Resawing – How’d They Do It?

I don’t know if it’s the cool air evoking thoughts of more time in the shop, the poor economy, the lunar cycles, or just mere coincidence, but it seems like discussions about resawing by hand have popped up on just about every message baord I frequent over the last two or three weeks. Apparently a lot of folks have resawing on the brain. So I figured it was about time to write something about it here on the blog, if for no other reason than to enable me to link to my thoughts on it rather than constantly re-write them. I can also elaborate more here since I have the time and space. So here goes.

Let’s get some general definitions out of the way first in case you are reading this and have no idea what I’m talking about. Resawing is a sawing technique or cut whereby a thick piece of lumber is sawn through its width to yield two thinner boards. So, for example, one might take a 5/4 thick x 6″ wide board and re-saw it to make two 1/2″ thick x 6″ wide boards (after cleaning up the saw marks). This same technique can also be used to saw thin veneers from a single board in one’s own shop rather than purchasing super thin commercial veneers. For the most part, this is the same thing as ripping, it’s just ripping a very thick board. The saw doesn’t care if you’re ripping through the thickness or the width, it’s still just ripping.

Most woodworkers today don’t think twice about resawing. With a properly tuned bandsaw equiped with a good resawing blade and a tall fence, resawing is a relatively simple, if rather dusty job. The width of the board that can be resawn is only limited by the size of the bandsaw being used. Capacities up to 12″ are not uncommon, and boards over 12″ wide can even be resawn on some higher end saws.

However, the subject gets a little more challenging when power is removed from the equation. Most historical texts don’t have much to say about the process, or the tools that would have been used in the joiner’s or cabinet maker’s shop to perform this task. This usually begs the question, “How did they do it?” However, a better question to ask first is “Did they do it?”

If we think about the reasons that we would typically resaw a board into thinner stock today, we can begin to answer the question “Did they do it?” So one reason we might resaw a board would be to produce less waste while obtaining a board of the desired thinness. Let’s assume we want a board about 3/8″ to 1/2″ thick for use as drawer side material, or for a small box. Today, our choices are to plane down 4/4 stock to 1/2″ thick and turn 1/2″ of thickness into wasted chips, or buy a 5/4 board and resaw it into two boards slightly over the desired finished thickness, producing far less waste and wasting less money. Most folks would probably choose the second option.

In the 18th and into the 19th century, however, there was a third option. Buy your lumber in the proper thickness. In the areas around most major cities, where most cabinet makers would choose to set up shop, sawyers or mills would produce boards of varying thicknesses, not just the 4/4 and up that we are accustomed to today. One reference notes that different species were sawn to different thicknesses. Note how the secondary woods were typically the ones sawn thinner.

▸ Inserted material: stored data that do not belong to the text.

lemma inj_on_simple_root: "inj_on (simple_root n) {1..n}"
proof
  fix k l assume kl: "k \<in> {1..n}" "l \<in> {1..n}" "simple_root n k = simple_root n l"
  show "k = l"
  proof (rule ccontr)
    assume "k \<noteq> l"
    then have "simple_root n k ! (k - 1) \<noteq> simple_root n l ! (k - 1)"
      using kl(1,2) by (auto simp: nth_simple_root split: if_splits)
    with kl(3) show False by simp
  qed
qed

lemma ip_simple_root:
  "length x = n \<Longrightarrow> k \<in> {1..n} \<Longrightarrow>
     ip x (simple_root n k) = (if k < n then x ! (k - 1) - x ! k else x ! (n - 1))"
  by (auto simp: simple_root_def vsub_def ip_vadd_right ip_smult_right ip_ev_right)

lemma ip_coroot_simple_root:
  assumes "length x = n" "k \<in> {1..n}"
  shows "ip x (coroot (simple_root n k)) = (if k < n then x ! (k - 1) - x ! k else 2 * x ! (n - 1))"
proof -
  have "ip (simple_root n k) (simple_root n k) = (if k < n then 2 else 1)"
    using assms(2) by (auto simp: ip_simple_root nth_simple_root)
  then show ?thesis
    using assms by (simp add: ip_coroot ip_simple_root)
qed

lemma dominant_iff_sorted_rev:
  assumes "length \<mu> = n" "1 \<le> n"
  shows "dominant n \<mu> \<longleftrightarrow> sorted (rev \<mu>) \<and> 0 \<le> \<mu> ! (n - 1)"
proof -
  have "{1..n} = insert n {1..<n}"
    using assms(2) by auto
  then have "dominant n \<mu> \<longleftrightarrow> 0 \<le> \<mu> ! (n - 1) \<and> (\<forall>k\<in>{1..<n}. \<mu> ! k \<le> \<mu> ! (k - 1))"
    using assms by (simp add: dominant_def simple_roots_def ip_simple_root)
  moreover have "(\<forall>k\<in>{1..<n}. \<mu> ! k \<le> \<mu> ! (k - 1)) \<longleftrightarrow> (\<forall>t. Suc t < n \<longrightarrow> \<mu> ! Suc t \<le> \<mu> ! t)"
  proof (intro iffI allI impI ballI)
    fix t assume "\<forall>k\<in>{1..<n}. \<mu> ! k \<le> \<mu> ! (k - 1)" "Suc t < n"
    then show "\<mu> ! Suc t \<le> \<mu> ! t"
      by (metis atLeastLessThan_iff diff_Suc_1 le_add1 plus_1_eq_Suc)
  next
    fix k assume "\<forall>t. Suc t < n \<longrightarrow> \<mu> ! Suc t \<le> \<mu> ! t" "k \<in> {1..<n}"
    then show "\<mu> ! k \<le> \<mu> ! (k - 1)"
      by (metis Suc_pred' atLeastLessThan_iff less_eq_Suc_le One_nat_def)
  qed
  moreover have "(\<forall>t. Suc t < n \<longrightarrow> \<mu> ! Suc t \<le> \<mu> ! t) \<longleftrightarrow> sorted (rev \<mu>)"
    using assms(1) by (simp add: sorted_rev_iff_nth_Suc)
  ultimately show ?thesis
    by blast
qed

lemma dominant_nonneg:
  assumes "length \<mu> = n" "1 \<le> n" "dominant n \<mu>" "x \<in> set \<mu>"
  shows "0 \<le> x"
proof -
  obtain t where "t < n" "x = \<mu> ! t"
    using assms(1,4) by (auto simp: in_set_conv_nth)
  then have "\<mu> ! (n - 1) \<le> x"
    using assms(1,3) dominant_iff_sorted_rev[OF assms(1,2)] by (auto intro: sorted_rev_nth_mono)
  then show ?thesis
    using assms(3) dominant_iff_sorted_rev[OF assms(1,2)] by simp
qed

lemma dominant_unique:
  assumes "length \<mu> = n" "length \<nu> = n" "1 \<le> n" "dominant n \<mu>" "dominant n \<nu>"
    and "mset (map abs \<mu>) = mset (map abs \<nu>)"
  shows "\<mu> = \<nu>"
proof -
  have "map abs \<mu> = \<mu>" "map abs \<nu> = \<nu>"
    using dominant_nonneg[OF assms(1,3,4)] dominant_nonneg[OF assms(2,3,5)]
    by (simp_all add: map_idI)
  then have "mset (rev \<mu>) = mset (rev \<nu>)"
    using assms(6) by simp
  then show ?thesis
    using assms dominant_iff_sorted_rev by (metis properties_for_sort rev_rev_ident)
qed
lemma rot_in_tolerance:
  assumes tol: "tolerance A ar I n R" and day: "day_terms A ar I k ms"
    and "\<delta> \<in> R" "e \<le> k" "i < n" "j < n"
  shows "rot I ms n e i j \<delta> \<in> R"
proof -
  have sub: "subuniverse_pow A ar I n R" using tol by (simp add: tolerance_def)
  have refl: "\<And>g i a. g \<in> R \<Longrightarrow> i < n \<Longrightarrow> a \<in> {0, 1} \<Longrightarrow> refl_c n i a g \<in> R"
    using tol unfolding tolerance_def by blast
  let ?gs = "[refl_c n j 1 \<delta>, \<delta>, refl_c n i 0 \<delta>, refl_c n j 1 (refl_c n i 0 \<delta>)]"
  have "set ?gs \<subseteq> R" using refl assms by simp
  moreover have "wf_trm ar (length ?gs) (ms ! e)"
    using day \<open>e \<le> k\<close> by (auto simp: day_terms_def eval_nat_numeral)
  ultimately have "(\<lambda>x\<in>two_pow {..<n}. tev I (\<lambda>v. map (\<lambda>g. g x) ?gs ! v) (ms ! e)) \<in> R"
    by (rule subuniverse_pow_term_closed[OF sub])
  then show ?thesis by (simp add: rot_def tev4_def)
qed

lemma lines_constant_reset:
  assumes lc: "lines_constant n p \<delta>" and g: "g \<in> two_pow {..<n}"
    and "p < n" "j \<le> p" "g j = 0"
  shows "\<delta> (g(p := 0)) = \<delta> g"
proof (cases "j = p")
  case True
  with \<open>g j = 0\<close> show ?thesis by (simp add: fun_upd_idem)
next
  case False
  define h where "h = g(p := undefined)"
  have h: "h \<in> two_pow ({..<n} - {p})" using two_pow_restrict[OF g] by (simp add: h_def)
  have "j < p" "h j = 0" using False assms by (auto simp: h_def)
  then have "\<delta> (h(p := 0)) = \<delta> (h(p := 1))" using lc h unfolding lines_constant_def by blast
  moreover have "g = h(p := g p)" "g(p := 0) = h(p := 0)" by (auto simp: h_def)
  moreover have "g p \<in> {0, 1}" using two_pow_range[OF g] \<open>p < n\<close> by simp
  ultimately show ?thesis by auto
qed

lemma rot_lines_constant:
  assumes lc: "lines_constant n p \<delta>" and "Suc p < n"
    and \<delta>A: "\<And>g. g \<in> two_pow {..<n} \<Longrightarrow> \<delta> g \<in> A"
    and absorb: "\<And>x y. x \<in> A \<Longrightarrow> y \<in> A \<Longrightarrow> tev4 I (ms ! e) x y y x = x"
  shows "lines_constant n (Suc p) (rot I ms n e p (Suc p) \<delta>)"
  unfolding lines_constant_def
proof (intro ballI impI)
  fix f assume f: "f \<in> two_pow ({..<n} - {Suc p})" and "\<exists>j<Suc p. f j = 0"
  then obtain j where "j \<le> p" "f j = 0" by (auto simp: less_Suc_eq_le)
  define g where "g a = f(Suc p := a)" for a
  have g0: "g 0 \<in> two_pow {..<n}" and g1: "g 1 \<in> two_pow {..<n}"
    using two_pow_extend[OF f] \<open>Suc p < n\<close> by (simp_all add: g_def)
  have "\<delta> ((g a)(p := 0)) = \<delta> (g a)" if "g a \<in> two_pow {..<n}" for a
    using lines_constant_reset[OF lc that] \<open>Suc p < n\<close> \<open>j \<le> p\<close> \<open>f j = 0\<close>
    by (simp add: g_def)
  then have reset0: "\<delta> ((g 0)(p := 0)) = \<delta> (g 0)" and reset1: "\<delta> ((g 1)(p := 0)) = \<delta> (g 1)"
    using g0 g1 by blast+
  have upd: "(g a)(Suc p := 1) = g 1" for a by (simp add: g_def)
  have \<delta>g: "\<delta> (g 0) \<in> A" "\<delta> (g 1) \<in> A" using \<delta>A g0 g1 by blast+
  have "rot I ms n e p (Suc p) \<delta> (g 0) = tev4 I (ms ! e) (\<delta> (g 1)) (\<delta> (g 0)) (\<delta> (g 0)) (\<delta> (g 1))"
    using rot_eval[OF g0, of p "Suc p" I ms e \<delta>] \<open>Suc p < n\<close>
    by (simp only: upd reset0 reset1 Suc_lessD)
  also have "\<dots> = \<delta> (g 1)" using absorb \<delta>g by simp
  also have "\<dots> = tev4 I (ms ! e) (\<delta> (g 1)) (\<delta> (g 1)) (\<delta> (g 1)) (\<delta> (g 1))"
    using absorb \<delta>g by simp
  also have "\<dots> = rot I ms n e p (Suc p) \<delta> (g 1)"
    using rot_eval[OF g1, of p "Suc p" I ms e \<delta>] \<open>Suc p < n\<close>
    by (simp only: upd reset0 reset1 Suc_lessD)
  finally show "rot I ms n e p (Suc p) \<delta> (f(Suc p := 0)) =
      rot I ms n e p (Suc p) \<delta> (f(Suc p := 1))"
    by (simp add: g_def)
qed

lemma tree_cube_rev_tolerance_lines_constant:
  assumes tol: "tolerance A ar I n R" and day: "day_terms A ar I k ms" and "\<gamma> \<in> R"
  shows "length c < n \<Longrightarrow> \<forall>x\<in>set c. x \<le> k \<Longrightarrow>
    tree_cube_rev I ms n \<gamma> c \<in> R \<and> lines_constant n (length c) (tree_cube_rev I ms n \<gamma> c)"
proof (induction c)
  case Nil
  then show ?case using \<open>\<gamma> \<in> R\<close> by (simp add: lines_constant_def)
next
  case (Cons e c)
  let ?\<delta> = "tree_cube_rev I ms n \<gamma> c"
  have IH: "?\<delta> \<in> R" "lines_constant n (length c) ?\<delta>" using Cons by auto
  have "e \<le> k" using Cons.prems by simp
  have "?\<delta> \<in> cubes A n" using IH(1) tol by (auto simp: tolerance_def subuniverse_pow_def)
  then have \<delta>A: "\<And>g. g \<in> two_pow {..<n} \<Longrightarrow> ?\<delta> g \<in> A" by (auto simp: cubes_def)
  have absorb: "\<And>x y. x \<in> A \<Longrightarrow> y \<in> A \<Longrightarrow> tev4 I (ms ! e) x y y x = x"
    using day \<open>e \<le> k\<close> unfolding day_terms_def by blast
  have "lines_constant n (Suc (length c)) (rot I ms n e (length c) (Suc (length c)) ?\<delta>)"
    using rot_lines_constant[OF IH(2) _ \<delta>A absorb] Cons.prems by simp
  then show ?case using rot_in_tolerance[OF tol day IH(1) \<open>e \<le> k\<close>] Cons.prems by simp
qed

theorem lemma2p4:
  fixes A :: "'a set" and ar :: "'f \<Rightarrow> nat" and I :: "'f \<Rightarrow> 'a list \<Rightarrow> 'a"
    and k n i :: nat and ms :: "'f trm list"
    and R :: "((nat \<Rightarrow> nat) \<Rightarrow> 'a) set" and \<gamma> :: "(nat \<Rightarrow> nat) \<Rightarrow> 'a" and d :: "nat list"
  assumes alg: "is_algebra A ar I"
    and day: "day_terms A ar I k ms"
    and n2: "n \<ge> 2"
    and tol: "tolerance A ar I n R"
    and gR: "\<gamma> \<in> R"
    and dD: "d \<in> tree_D k n"
    and len: "length d = i"
  shows "tree_cube I ms n \<gamma> d \<in> R \<and>
    (\<forall>f\<in>two_pow ({..<n} - {i}). (\<exists>j<i. f j = 0) \<longrightarrow>
       tree_cube I ms n \<gamma> d (f(i := 0)) = tree_cube I ms n \<gamma> d (f(i := 1)))"
  using tree_cube_rev_tolerance_lines_constant[OF tol day gR, of "rev d"] dD len
  by (simp add: tree_cube_def tree_D_def lines_constant_def)

end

The number of complex storage forms listed in the written documents and the evidence of the many surviving examples suggest that western Connecticut joiners employed a number of strategies to produce case furniture efficiently. Foremost was their reliance on local sawmills to provide boards in desired dimensions, thereby precluding the need to resaw or plane the lumber to usable thicknesses. In Newtown and Woodbury, surviving artifacts reveal the joiners’ use of blanks that required only slight planing before use. Some boards used for drawer linings or backboards still retain their water-powered saw marks. In Newtown, most cherry boards were sawn 3/4″ thick, and yellow poplar and oak, 1/2″ thick; in Woodbury, cherry tended to be 7/8″ thick, yellow poplar, 1/2 or 7/8″ thick, oak, 1/2″ thick, and white pine, 3/8″ thick. With boards delivered in proper thickness, the joiner could more easily lay out and cut his joints.¹

Another good reference on commonly available lumber thickness during the period is provided by Joel Moskowitz in The Joiner & Cabinet Maker. I don’t have the exact page in front of me right now, but look for the Skyring reference. If I remember correctly, lumber was offered in that reference sawn down to at least 3/8″ thick as well.

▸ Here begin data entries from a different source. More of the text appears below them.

(* Let $\mu_1\in\mathbb{R}$, $\sigma_1>0$, $\sigma>0$ and $k>0$. Consider two stocks with positive prices $p_{1t},p_{2t}$ at discrete times $t$, such that $$\log(p_{1,t+1})=\log(p_{1t})+\mu_1+\delta_{1,t+1},\qquad \epsilon_t:=\log(p_{2t})-\log(p_{1t}),$$ where the $\delta_{1t}$ are i.i.d. $N(0,\sigma_1^2)$, the $\epsilon_t$ are i.i.d. $N(0,\sigma^2)$, and the family $(\delta_{1t})_t$ is independent of the family $(\epsilon_t)_t$. Define the stock returns $r_{i,t+1}=p_{i,t+1}/p_{it}-1$ for $i=1,2$, the trading signal $$S_t=\mathbb{1}\{\epsilon_t\le -k\sigma\}-\mathbb{1}\{\epsilon_t\ge k\sigma\},$$ and the pair return $r_{t+1}=S_t\,(r_{2,t+1}-r_{1,t+1})$. Let $Z$ be a standard normal random variable. Then the pair return $r_t$ has mean $$\mathbf{E}[r_t]=e^{\mu_1+\sigma_1^2/2+\sigma^2}\,\mathbf{P}(k-\sigma\le Z\le k+\sigma)$$ and variance $$\operatorname{Var}(r_t)=e^{2\mu_1+2\sigma_1^2+4\sigma^2}\big(\mathbf{P}(Z\le -k+2\sigma)+\mathbf{P}(Z\ge k+2\sigma)\big)-2e^{2\mu_1+2\sigma_1^2+\sigma^2}\big(\mathbf{P}(Z\le -k+\sigma)+\mathbf{P}(Z\ge k+\sigma)\big)+2e^{2\mu_1+2\sigma_1^2}\,\mathbf{P}(Z\ge k)-\mathbf{E}[r_t]^2.$$
   Context: This models a "cointegrated pair" of stocks: stock 1's log-price is a Gaussian random walk with drift, and the log-price difference (the spread) $\epsilon_t$ is i.i.d. Gaussian. The signal is $+1$ when the spread is at most $-k\sigma$, $-1$ when it is at least $k\sigma$, and $0$ otherwise. *)

theory Defs
  imports "HOL-Probability.Probability"
begin

definition signal :: "real \<Rightarrow> real \<Rightarrow> real \<Rightarrow> real" where
  "signal k \<sigma> e = (if e \<le> - k * \<sigma> then 1 else 0) - (if e \<ge> k * \<sigma> then 1 else 0)"

abbreviation std_normal_law :: "real measure" where
  "std_normal_law \<equiv> density lborel std_normal_density"

definition ret :: "(nat \<Rightarrow> 'a \<Rightarrow> real) \<Rightarrow> nat \<Rightarrow> 'a \<Rightarrow> real" where
  "ret p s \<omega> = p (Suc s) \<omega> / p s \<omega> - 1"

end

(* Writing p2 = exp eps * p1, the pair return factors as r(t+1) = X * Y with
   X = p1(t+1) / p1(t) = exp (mu1 + delta(t+1)) and Y = S(t) * (exp (eps(t+1) - eps(t)) - 1).
   X is a function of the delta family and Y of the eps family, so they are independent and
   E r = E X * E Y, E r^2 = E X^2 * E Y^2.  Every moment needed reduces to exponential tilting of
   the Gaussian density, exp (c x) N(0, s^2)(x) = exp (c^2 s^2 / 2) N(c s^2, s^2)(x): it turns
   E [1{eps in A} exp (c eps)] into exp (c^2 s^2 / 2) times the N(c s^2, s^2)-probability of A,
   and the two indicators making up the signal give the normal tail probabilities of the statement. *)

theory Submission
  imports Defs
begin

abbreviation (input) normal_law :: "real \<Rightarrow> real \<Rightarrow> real measure" where
  "normal_law \<mu> \<sigma> \<equiv> density lborel (normal_density \<mu> \<sigma>)"

lemma distr_std_normal_law_affine:
  assumes "\<alpha> \<noteq> 0"
  shows "distr std_normal_law lborel (\<lambda>z. \<beta> + \<alpha> * z) = normal_law \<beta> \<bar>\<alpha>\<bar>"
proof -
  interpret std_normal: prob_space std_normal_law
    by (rule prob_space_normal_density) simp
  have "distributed std_normal_law lborel (\<lambda>z. z) std_normal_density"
    by (simp add: distributed_def distr_id2)
  from std_normal.normal_density_affine[OF this _ assms, of \<beta>]
  show ?thesis by (simp add: distributed_def)
qed

lemma measure_normal_law:
  assumes "\<sigma> > 0" and [measurable]: "A \<in> sets borel"
  shows "measure (normal_law \<mu> \<sigma>) A = measure std_normal_law {z. \<mu> + \<sigma> * z \<in> A}"
proof -
  have "measure (normal_law \<mu> \<sigma>) A = measure (distr std_normal_law lborel (\<lambda>z. \<mu> + \<sigma> * z)) A"
    using distr_std_normal_law_affine[of \<sigma> \<mu>] assms(1) by simp
  also have "\<dots> = measure std_normal_law {z. \<mu> + \<sigma> * z \<in> A}"
    by (subst measure_distr) (auto simp: vimage_def)
  finally show ?thesis .
qed

lemma measure_normal_law_atMost:
  assumes "\<sigma> > 0"
  shows "measure (normal_law \<mu> \<sigma>) {..a} = measure std_normal_law {..(a - \<mu>) / \<sigma>}"
proof -
  have "measure (normal_law \<mu> \<sigma>) {..a} = measure std_normal_law {z. \<mu> + \<sigma> * z \<in> {..a}}"
    using assms by (intro measure_normal_law) auto
  also have "{z. \<mu> + \<sigma> * z \<in> {..a}} = {..(a - \<mu>) / \<sigma>}"
    using assms by (auto simp: pos_le_divide_eq algebra_simps)
  finally show ?thesis .
qed

lemma measure_normal_law_atLeast:
  assumes "\<sigma> > 0"
  shows "measure (normal_law \<mu> \<sigma>) {a..} = measure std_normal_law {(a - \<mu>) / \<sigma>..}"
proof -
  have "measure (normal_law \<mu> \<sigma>) {a..} = measure std_normal_law {z. \<mu> + \<sigma> * z \<in> {a..}}"
    using assms by (intro measure_normal_law) auto
  also have "{z. \<mu> + \<sigma> * z \<in> {a..}} = {(a - \<mu>) / \<sigma>..}"
    using assms by (auto simp: pos_divide_le_eq algebra_simps)
  finally show ?thesis .
qed

lemma measure_std_normal_law_atMost_uminus:
  "measure std_normal_law {..-a} = measure std_normal_law {a..}"
proof -
  have "measure std_normal_law {..-a} = measure (distr std_normal_law lborel (\<lambda>z. 0 + -1 * z)) {..-a}"
    using distr_std_normal_law_affine[of "-1" 0] by simp
  also have "\<dots> = measure std_normal_law {a..}"
    by (subst measure_distr) (auto simp: vimage_def atLeast_def)
  finally show ?thesis .
qed

lemma measure_normal_law_atLeastAtMost:
  assumes "\<sigma> > 0" "a \<le> b"
  shows "measure (normal_law \<mu> \<sigma>) {a..b} = measure (normal_law \<mu> \<sigma>) {a..} - measure (normal_law \<mu> \<sigma>) {b..}"
proof -
  interpret prob_space "normal_law \<mu> \<sigma>"
    using assms(1) by (rule prob_space_normal_density)
  have "AE x in lborel. x \<in> {b} \<longrightarrow> normal_density \<mu> \<sigma> x = 0"
    using AE_lborel_singleton[of b] by eventually_elim auto
  then have "measure (normal_law \<mu> \<sigma>) {b} = 0"
    by (intro measure_eq_0_null_sets) (simp add: null_sets_density_iff)
  moreover have "{a..} = {a..b} \<union> {b<..}" "{b..} = {b} \<union> {b<..}"
    using assms(2) by auto
  then have "prob {a..} = prob {a..b} + prob {b<..}" "prob {b..} = prob {b} + prob {b<..}"
    by (simp_all only:) (rule finite_measure_Union; auto)+
  ultimately show ?thesis by simp
qed

lemma measure_normal_law_integral:
  assumes "\<sigma> > 0" and [measurable]: "A \<in> sets borel"
  shows "measure (normal_law \<mu> \<sigma>) A = (\<integral>x. indicator A x * normal_density \<mu> \<sigma> x \<partial>lborel)"
proof -
  interpret prob_space "normal_law \<mu> \<sigma>"
    using assms(1) by (rule prob_space_normal_density)
  have "measure (normal_law \<mu> \<sigma>) A = integral\<^sup>L (normal_law \<mu> \<sigma>) (indicator A)"
    by simp
  also have "\<dots> = (\<integral>x. normal_density \<mu> \<sigma> x * indicator A x \<partial>lborel)"
    by (subst integral_real_density) auto
  finally show ?thesis by (simp add: mult.commute)
qed

lemma normal_density_exp_tilt:
  assumes "\<sigma> > 0"
  shows "exp (c * x) * normal_density \<mu> \<sigma> x
    = exp (c * \<mu> + c\<^sup>2 * \<sigma>\<^sup>2 / 2) * normal_density (\<mu> + c * \<sigma>\<^sup>2) \<sigma> x"
proof -
  have "c * x + - (x - \<mu>)\<^sup>2 / (2 * \<sigma>\<^sup>2)
      = (c * \<mu> + c\<^sup>2 * \<sigma>\<^sup>2 / 2) + - (x - (\<mu> + c * \<sigma>\<^sup>2))\<^sup>2 / (2 * \<sigma>\<^sup>2)"
    using assms by (simp add: field_simps power2_eq_square)
  then have "exp (c * x) * exp (- (x - \<mu>)\<^sup>2 / (2 * \<sigma>\<^sup>2))
      = exp (c * \<mu> + c\<^sup>2 * \<sigma>\<^sup>2 / 2) * exp (- (x - (\<mu> + c * \<sigma>\<^sup>2))\<^sup>2 / (2 * \<sigma>\<^sup>2))"
    by (simp only: exp_add[symmetric])
  then show ?thesis
    unfolding normal_density_def mult.left_commute[of "exp (c * x)"]
    by (simp only:) (rule mult.left_commute)
qed

lemma (in prob_space) normal_exp_indicator:
  assumes X: "distributed M lborel X (normal_density \<mu> \<sigma>)" and "\<sigma> > 0"
    and [measurable]: "A \<in> sets borel"
  shows normal_exp_indicator_integrable: "integrable M (\<lambda>\<omega>. indicator A (X \<omega>) * exp (c * X \<omega>))"
    and normal_exp_indicator_expectation: "expectation (\<lambda>\<omega>. indicator A (X \<omega>) * exp (c * X \<omega>))
      = exp (c * \<mu> + c\<^sup>2 * \<sigma>\<^sup>2 / 2) * measure (normal_law (\<mu> + c * \<sigma>\<^sup>2) \<sigma>) A"
proof -
  have tilt: "normal_density \<mu> \<sigma> x * (indicator A x * exp (c * x))
      = exp (c * \<mu> + c\<^sup>2 * \<sigma>\<^sup>2 / 2) * (indicator A x * normal_density (\<mu> + c * \<sigma>\<^sup>2) \<sigma> x)" for x
    using normal_density_exp_tilt[OF \<open>\<sigma> > 0\<close>, of c x \<mu>] by (simp add: ac_simps)
  have "integrable lborel (\<lambda>x. indicator A x * normal_density (\<mu> + c * \<sigma>\<^sup>2) \<sigma> x)"
    using integrable_real_mult_indicator[of A lborel "normal_density (\<mu> + c * \<sigma>\<^sup>2) \<sigma>"] \<open>\<sigma> > 0\<close>
    by (simp add: mult.commute)
  then have "integrable lborel (\<lambda>x. normal_density \<mu> \<sigma> x * (indicator A x * exp (c * x)))"
    unfolding tilt by simp
  then show "integrable M (\<lambda>\<omega>. indicator A (X \<omega>) * exp (c * X \<omega>))"
    using distributed_integrable[OF X] by simp
  show "expectation (\<lambda>\<omega>. indicator A (X \<omega>) * exp (c * X \<omega>))
      = exp (c * \<mu> + c\<^sup>2 * \<sigma>\<^sup>2 / 2) * measure (normal_law (\<mu> + c * \<sigma>\<^sup>2) \<sigma>) A"
    using distributed_integral[OF X, of "\<lambda>x. indicator A x * exp (c * x)", symmetric] \<open>\<sigma> > 0\<close>
    by (simp add: tilt measure_normal_law_integral)
qed

lemma (in prob_space) normal_mgf:
  assumes "distributed M lborel X (normal_density \<mu> \<sigma>)" and "\<sigma> > 0"
  shows normal_mgf_integrable: "integrable M (\<lambda>\<omega>. exp (c * X \<omega>))"
    and normal_mgf_expectation: "expectation (\<lambda>\<omega>. exp (c * X \<omega>)) = exp (c * \<mu> + c\<^sup>2 * \<sigma>\<^sup>2 / 2)"
proof -
  interpret tilted: prob_space "normal_law (\<mu> + c * \<sigma>\<^sup>2) \<sigma>"
    using assms(2) by (rule prob_space_normal_density)
  show "integrable M (\<lambda>\<omega>. exp (c * X \<omega>))"
    using normal_exp_indicator_integrable[OF assms, of UNIV c] by simp
  show "expectation (\<lambda>\<omega>. exp (c * X \<omega>)) = exp (c * \<mu> + c\<^sup>2 * \<sigma>\<^sup>2 / 2)"
    using normal_exp_indicator_expectation[OF assms, of UNIV c] tilted.prob_space by simp
qed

While thinner lumber was certainly available and often purchassed, it wasn’t like you could just run down to Ye Olde Homme Depot and pick some up. A trip to the mill could be quite the trip for a period joiner or cabinet maker. So if I were a cabinet maker during this time, I would make sure that I had an adequate supply of that thin stock for use as drawer sides, cabinet backs, and other secondary parts where I would want thinner stock. That way, there would be no reason for me to waste valuable time resawing a lot of thick lumber to make these parts.

I would still certainly need to resaw material on occasion in my own shop. This wold be especially true for items like gallery drawers and such, which would require primary wood in thinner dimensions. But these would be small pieces that could easily be handled by the tools I had. For large jobs, I’d send it out, or buy it in the proper thickness to begin with.

Another reason we may choose to resaw today is to make our own veneers. Historically, this would more commonly have been done by the cabinet maker, I think. The reason is composition. As a builder of the finest furniture, I need to have control over the appearance of the final piece. The saw mill or pit sawyer doesn’t know where or how the final material will be used, and the stock that was typically used for veneer work would be more rare and likely too prized to be trusted to outsourcing. But again, pieces for veneer work would typically have been relatively small in size and in number, and therefore easily managed in house.

For small resawing jobs, like stock that is 5-6″ wide or less, I like my regular 5½ PPI rip saw. I find this saw very easy to control and track a nice straight line, even in stock up to 6″ wide. I imagine it would be no different in period shops. However, for stock that is over 6″ wide, this saw tends to bog down and run slow. In period shops, the tool of choice for wide veneer was a two man frame saw. Roubo has a plate which details such a saw, and shows its proper use (divided here into two separate pictures, but it’s all from the same plate).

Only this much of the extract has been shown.